Асса и другие произведения этого автора. Книга 1. Начало. То да сё… | страница 38
Фото — Коля Губенко
— Постойте, — заинтересовался любопытный Ромм, — так все-таки заучил или с собой принес?
— Этого я не знаю, — сказал Фосс, — знаю только, что списал.
Ромм взял мою работу, почитал, говорит:
— Евгений Николаевич, чтобы наша совесть была чиста, пойдите сейчас, пожалуйста, наверх, в библиотеку, найдите рассказ. Лишние десять минут ничего не значат, а нам будет интереснее экзаменовать.
Спустя какое-то время Фосс вернулся из библиотеки и сказал:
— Мне кажется, это не у Пришвина.
Тут Ромм рассердился, хотя Фосса любил, они работали вместе много лет.
— Вы понимаете, что делаете?! Вы подумали о том, что сейчас у парня на душе происходит? Может, мы сейчас нанесем ему такую травму, после которой он вообще до конца жизни не встанет…
Фосс подумал и сказал:
— Я спутал. Это не у Пришвина, а у Паустовского. Точно, у Паустовского.

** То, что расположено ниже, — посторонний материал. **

(* Let $0<r<1$ and $c>0$. For every extremally disconnected set $S$, the set $C(S,\mathbb{Z}((T))_{r,\le c})$ of continuous maps from $S$ to the topological space $\mathbb{Z}((T))_{r,\le c}$ is identified (via $F\mapsto$ its coefficient functions) with the set of formal sums $\sum_{n\ge k}a_nT^n$, for some $k\in\mathbb{Z}$, with $a_n\in C(S,\mathbb{Z})$ and $\sum_n|a_n(s)|r^n\le c$ for all $s\in S$. In other words, the condensed set defined by the latter sets is the condensation of the topological space $\mathbb{Z}((T))_{r,\le c}$.
   Context: $\mathbb{Z}((T))_{r,\le c}$ is the set of integer Laurent series $\sum_{n\gg-\infty}a_nT^n$ ($a_n\in\mathbb{Z}$, $a_n=0$ for $n$ sufficiently negative) with $\sum|a_n|r^n\le c$, topologized by the $T$-adic norm $\|f\|=\delta^{v_T(f)}$ for a fixed $\delta\in(0,1)$, where $v_T(f)$ is the smallest $n$ with $a_n\ne 0$ (so two series are close iff their coefficients agree up to a large index). An extremally disconnected set is a projective object in compact Hausdorff spaces; the condensation of a T1 space $X$ is $S\mapsto C(S,X)$. $\mathbb{Z}$ carries the discrete topology. *)

theory Defs
  imports "HOL-Analysis.Analysis"
begin

text \<open>Integer Laurent series are modelled as coefficient functions int => int whose
support is bounded below.\<close>

definition laurent_r_c :: "real \<Rightarrow> real \<Rightarrow> (int \<Rightarrow> int) set" where
  "laurent_r_c r c = {f. (\<exists>k. \<forall>n<k. f n = 0)
      \<and> (\<lambda>n. real_of_int \<bar>f n\<bar> * r powi n) summable_on UNIV
      \<and> (\<Sum>\<^sub>\<infinity>n. real_of_int \<bar>f n\<bar> * r powi n) \<le> c}"

text \<open>T-adic valuation: smallest index with nonzero coefficient (used for nonzero series).\<close>
definition tval :: "(int \<Rightarrow> int) \<Rightarrow> int" where
  "tval h = Inf {n. h n \<noteq> 0}"

definition Tnorm :: "real \<Rightarrow> (int \<Rightarrow> int) \<Rightarrow> real" where
  "Tnorm \<delta> h = (if h = (\<lambda>_. 0) then 0 else \<delta> powi tval h)"

definition laurent_topology :: "real \<Rightarrow> real \<Rightarrow> real \<Rightarrow> (int \<Rightarrow> int) topology" where
  "laurent_topology \<delta> r c = topology (\<lambda>U. U \<subseteq> laurent_r_c r c \<and>
      (\<forall>f\<in>U. \<exists>e>0. \<forall>g\<in>laurent_r_c r c. Tnorm \<delta> (\<lambda>n. g n - f n) < e \<longrightarrow> g \<in> U))"

text \<open>Extremally disconnected compact Hausdorff space (= projective compact Hausdorff
space, by Gleason's theorem).\<close>
definition extremally_disconnected :: "'a topology \<Rightarrow> bool" where
  "extremally_disconnected S \<longleftrightarrow> compact_space S \<and> Hausdorff_space S \<and>
      (\<forall>U. openin S U \<longrightarrow> openin S (S closure_of U))"

end

theory Submission
  imports Defs
begin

От неловкости создавшейся ситуации писательские мои стати на глазах росли. Если бы Константин Георгиевич знал, какую в общем-то невинную чепуху, стремясь во что бы то ни стало отстоять ошибку, записали в его прозу!
Ромм отправил Фосса искать у Паустовского или у любого другого писателя — не важно, лишь бы рассказ был найден — и объявил обед. Фосс перекопал всю библиотеку, но никакого такого рассказа, конечно, не нашел, поскольку быть его там не могло. И когда он сказал об этом Ромму, тот вспыхнул:
— Если вы, образованный человек, могли писания этого мальчика, пусть и в запале, принять за Паустовского и Пришвина, то, наверное, его все-таки стоит взять… Что мы теряем? Вам приходилось когда-нибудь слышать, как поют под Утесова… Или под Шульженко… Иногда так похоже, что жуть берет. Но занятно. Ей-богу, занятно… Если даже его способности только этим и ограничиваются, пусть и нам некоторое время будет занятно… А может, и нет — не только этим… Как знать…
Я вспомнил эту историю не только потому, что в тот миг решилась моя судьба. Меня поразил Ромм. Ну кто я ему? А Фосс — многолетний товарищ. И абитуриентов в коридоре — пруд пруди. Сомневаться, докапываться, сердиться, ссориться, тратить время, нервы… Зачем?
Конечно же, не в моей испуганной абитуриентской писанине, которую с переляху приняли бог знает за что, было дело. А только в этом — чтобы совесть была чиста. И передо мной — неизвестным ему мальчишкой, и перед многими другими, с которыми прожил Ромм свой трудный век. Этим он и жил все последние годы — те, в которые я имел счастье его знать.
Что же до Евгения Николаевича Фосса, то с ним у меня установились самые добрые отношения, но каждый раз, когда мы встречались, уже и после института, он непременно спрашивал: «Так от кого там пахло яблоками?» Экзаменационный листок с переправленной Роммом двойкой и его росчерком я из института выкрал и храню дома как дорогую реликвию, как память о том, что предсказанная мне Григорием Михайловичем Козинцевым травма, которая по всем законам античной драмы должна была на меня обрушиться, уже почти меня настигла, но только благодаря Михаилу Ильичу, вовремя успевшему ее отвести, просвистела рядом с виском. А сколько таких травм он отвел! И сколько людей об этом благодарно помнят! Так что уже по одному этому чту его своим крестным отцом, не говоря уже обо всем, чем ему обязан.